# Traumatic elbow luxation in cats: A cadaveric study on the role of collateral and olecranon ligaments in joint stability

**Authors:** Martin Hamon, Pradeep R. Malreddy, Andrew K. Curtis, Pierre P. Picavet

PMC · DOI: 10.1111/vsu.14314 · 2025-07-07

## TL;DR

This study examines how ligament ruptures in cats' elbows lead to joint instability and luxation, emphasizing the importance of the olecranon ligament.

## Contribution

The study identifies specific ligament combinations responsible for different types of elbow luxation in cats.

## Key findings

- Elbow luxation in cats occurs with direct forces and specific ligament ruptures.
- The olecranon ligament is crucial for elbow stability.
- Different luxation types result from various ligament combinations being severed.

## Abstract

To determine the role of each part of the collateral ligaments and the olecranon ligament in traumatic elbow luxation pathophysiology in cats.

Feline cadaveric study.

A total of 15 cats and 30 thoracic limbs tested.

Attempts were made to manually luxate (laterally, medially, and caudally) each elbow after sequential section of each part of the medial collateral ligament, the lateral collateral ligament, and the olecranon ligament by direct and indirect forces applied to the antebrachium.

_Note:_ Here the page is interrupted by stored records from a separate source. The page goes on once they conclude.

text \<open>If the entry with non-zero derivative were constant where all denominators are
  non-zero, then \<open>P j - c Q j\<close> would vanish there, hence on all of \<open>U\<close> since the product
  of the denominators is not identically zero, making the entry locally constant.\<close>
lemma radical_param_entry_nonconstant:
  assumes tower: "radical_tower U m \<delta> e" and param: "radical_param U m \<delta> r P Q"
  obtains j where "j < r"
    "\<And>c. \<exists>t\<in>U. (\<forall>i<r. Q i (tower_point m \<delta> t) \<noteq> 0) \<and> param_entry m \<delta> P Q j t \<noteq> c"
proof -
  let ?tp = "tower_point m \<delta>"
  have U: "open U" "connected U" "U \<noteq> {}"
    using tower by (auto simp: radical_tower_def)
  obtain j t0 where j: "j < r" and t0: "t0 \<in> U" "Q j (?tp t0) \<noteq> 0"
    and deriv: "deriv (param_entry m \<delta> P Q j) t0 \<noteq> 0"
    using param by (auto simp: radical_param_def)
  have P: "P i \<in> polyfun (Suc m)" and Q: "Q i \<in> polyfun (Suc m)"
    and Q_nonzero: "\<exists>t\<in>U. Q i (?tp t) \<noteq> 0" if "i < r" for i
    using param that by (auto simp: radical_param_def)
  have prod_Q: "(\<lambda>w. \<Prod>i<r. Q i w) \<in> polyfun (Suc m)"
    using Q by (auto intro: polyfun_prod)
  obtain t1 where t1: "t1 \<in> U" "(\<Prod>i<r. Q i (?tp t1)) \<noteq> 0"
    using holomorphic_prod_not_identically_zero[OF U, of "{..<r}" "\<lambda>i t. Q i (?tp t)"]
      tower_point_holomorphic_on[OF tower Q] Q_nonzero by auto
  have "\<exists>t\<in>U. (\<forall>i<r. Q i (?tp t) \<noteq> 0) \<and> param_entry m \<delta> P Q j t \<noteq> c" for c
  proof (rule ccontr)
    assume "\<not> ?thesis"
    then have const: "P j (?tp t) / Q j (?tp t) = c" if "t \<in> U" "(\<Prod>i<r. Q i (?tp t)) \<noteq> 0" for t
      using that by (auto simp: param_entry_def)
    have zero: "P j (?tp t) - c * Q j (?tp t) = 0" if "t \<in> U" for t
    proof (rule holomorphic_mult_eq_0_imp_eq_0[where g="\<lambda>t. \<Prod>i<r. Q i (?tp t)", OF U(1,2) _ _ _ t1 that])
      show "(\<lambda>t. P j (?tp t) - c * Q j (?tp t)) holomorphic_on U"
        using tower_point_holomorphic_on[OF tower polyfun_diff[OF P polyfun.pf_mult[OF polyfun.pf_const Q]]] j
        by simp
      show "(\<lambda>t. \<Prod>i<r. Q i (?tp t)) holomorphic_on U"
        using tower_point_holomorphic_on[OF tower prod_Q] .
      show "(P j (?tp t) - c * Q j (?tp t)) * (\<Prod>i<r. Q i (?tp t)) = 0" if "t \<in> U" for t
        using const[OF that] j by (cases "(\<Prod>i<r. Q i (?tp t)) = 0") (auto simp: field_simps)
    qed
    have "open {t \<in> U. Q j (?tp t) \<noteq> 0}"
      using continuous_open_preimage[OF holomorphic_on_imp_continuous_on[OF
          tower_point_holomorphic_on[OF tower Q[OF j]]] U(1), of "- {0}"]
      by (simp add: vimage_def Int_def open_Compl)
    moreover have "param_entry m \<delta> P Q j t = c" if "t \<in> U" "Q j (?tp t) \<noteq> 0" for t
      using zero[OF that(1)] that(2) by (simp add: param_entry_def field_simps)
    ultimately have "eventually (\<lambda>t. param_entry m \<delta> P Q j t = c) (nhds t0)"
      using t0 unfolding eventually_nhds by blast
    then have "deriv (param_entry m \<delta> P Q j) t0 = deriv (\<lambda>_. c) t0"
      by (rule deriv_cong_ev) simp
    with deriv show False by simp
  qed
  with j that show ?thesis by blast
qed

lemma radical_variety_eq:
  "radical_variety U m \<delta> r P Q =
     zariski_closure r (quotient_point r P Q ` {w \<in> tower_point m \<delta> ` U. \<forall>j<r. Q j w \<noteq> 0})"
  unfolding radical_variety_def param_entry_def quotient_point_def
  by (rule arg_cong[where f="zariski_closure r"]) auto

lemma radical_variety_coordinate_nonconstant:
  assumes "radical_tower U m \<delta> e" "radical_param U m \<delta> r P Q"
  obtains j where "j < r" "\<And>c. \<exists>x\<in>radical_variety U m \<delta> r P Q. x j \<noteq> c"
proof -
  obtain j where j: "j < r" and nonconst:
    "\<And>c. \<exists>t\<in>U. (\<forall>i<r. Q i (tower_point m \<delta> t) \<noteq> 0) \<and> param_entry m \<delta> P Q j t \<noteq> c"
    using radical_param_entry_nonconstant[OF assms] by blast
  have "quotient_point r P Q (tower_point m \<delta> t) \<in> radical_variety U m \<delta> r P Q"
    if "t \<in> U" "\<forall>i<r. Q i (tower_point m \<delta> t) \<noteq> 0" for t
    unfolding radical_variety_eq using that
    by (intro subsetD[OF subset_zariski_closure]) (auto simp: quotient_point_def)
  moreover have "quotient_point r P Q (tower_point m \<delta> t) j = param_entry m \<delta> P Q j t" for t
    using j by (simp add: quotient_point_def param_entry_def)
  ultimately show ?thesis
    using that[OF j] nonconst by metis
qed

theorem theorem4p9:
  fixes U :: "complex set" and m r :: nat and \<delta> :: "nat \<Rightarrow> complex \<Rightarrow> complex"
    and e :: "nat \<Rightarrow> nat" and P Q :: "nat \<Rightarrow> (nat \<Rightarrow> complex) \<Rightarrow> complex"
  assumes "radical_tower U m \<delta> e"
    and "rational_curve (Suc m) (tower_variety U m \<delta>)"
    and "radical_param U m \<delta> r P Q"
  shows "rational_curve r (radical_variety U m \<delta> r P Q)"
proof -
  let ?V = "radical_variety U m \<delta> r P Q"
  have P: "\<And>j. j < r \<Longrightarrow> P j \<in> polyfun (Suc m)" and Q: "\<And>j. j < r \<Longrightarrow> Q j \<in> polyfun (Suc m)"
    using assms(3) by (auto simp: radical_param_def)
  obtain num den where "zariski_closure (Suc m) (tower_point m \<delta> ` U)
      = zariski_closure (Suc m) (rat_curve_point (Suc m) num den ` {s. poly den s \<noteq> 0})"
    using rational_curveE[OF assms(2)] unfolding tower_variety_def by blast
  then have same_vanishing: "\<And>h. h \<in> polyfun (Suc m) \<Longrightarrow> (\<forall>w\<in>tower_point m \<delta> ` U. h w = 0)
      \<longleftrightarrow> (\<forall>w\<in>rat_curve_point (Suc m) num den ` {s. poly den s \<noteq> 0}. h w = 0)"
    by (subst (asm) zariski_closure_eq_iff) (auto simp: tower_point_def rat_curve_point_def)
  obtain num' den' where "quotient_point r P Q ` {w \<in> rat_curve_point (Suc m) num den ` {s. poly den s \<noteq> 0}.
      \<forall>j<r. Q j w \<noteq> 0} = rat_curve_point r num' den' ` {s. poly den' s \<noteq> 0}"
    using quotient_point_rat_curve_image[where num=num and den=den] P Q by blast
  moreover have "zariski_closure r (quotient_point r P Q ` {w \<in> tower_point m \<delta> ` U. \<forall>j<r. Q j w \<noteq> 0})
      = zariski_closure r (quotient_point r P Q `
          {w \<in> rat_curve_point (Suc m) num den ` {s. poly den s \<noteq> 0}. \<forall>j<r. Q j w \<noteq> 0})"
    by (rule zariski_closure_quotient_image_eq) (fact P Q same_vanishing)+
  ultimately have "?V = zariski_closure r (rat_curve_point r num' den' ` {s. poly den' s \<noteq> 0})"
    by (simp add: radical_variety_eq)
  moreover obtain j where "j < r" and "\<And>c. \<exists>x\<in>?V. x j \<noteq> c"
    using radical_variety_coordinate_nonconstant[OF assms(1,3)] by blast
  ultimately show ?thesis
    by (rule rational_curve_of_nonconstant_coordinate)
qed

end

No elbow luxation occurred with indirectly applied rotational forces. Luxation was only possible with direct forces applied to the antebrachium (axial compression and varus/valgus/caudal forces). Lateral elbow luxation was possible after transection of medial and lateral collateral ligaments or after transection of olecranon and medial collateral ligaments. Medial luxation was possible after transection of olecranon and lateral collateral ligaments. Caudal luxation was possible with transection of olecranon and lateral collateral ligaments.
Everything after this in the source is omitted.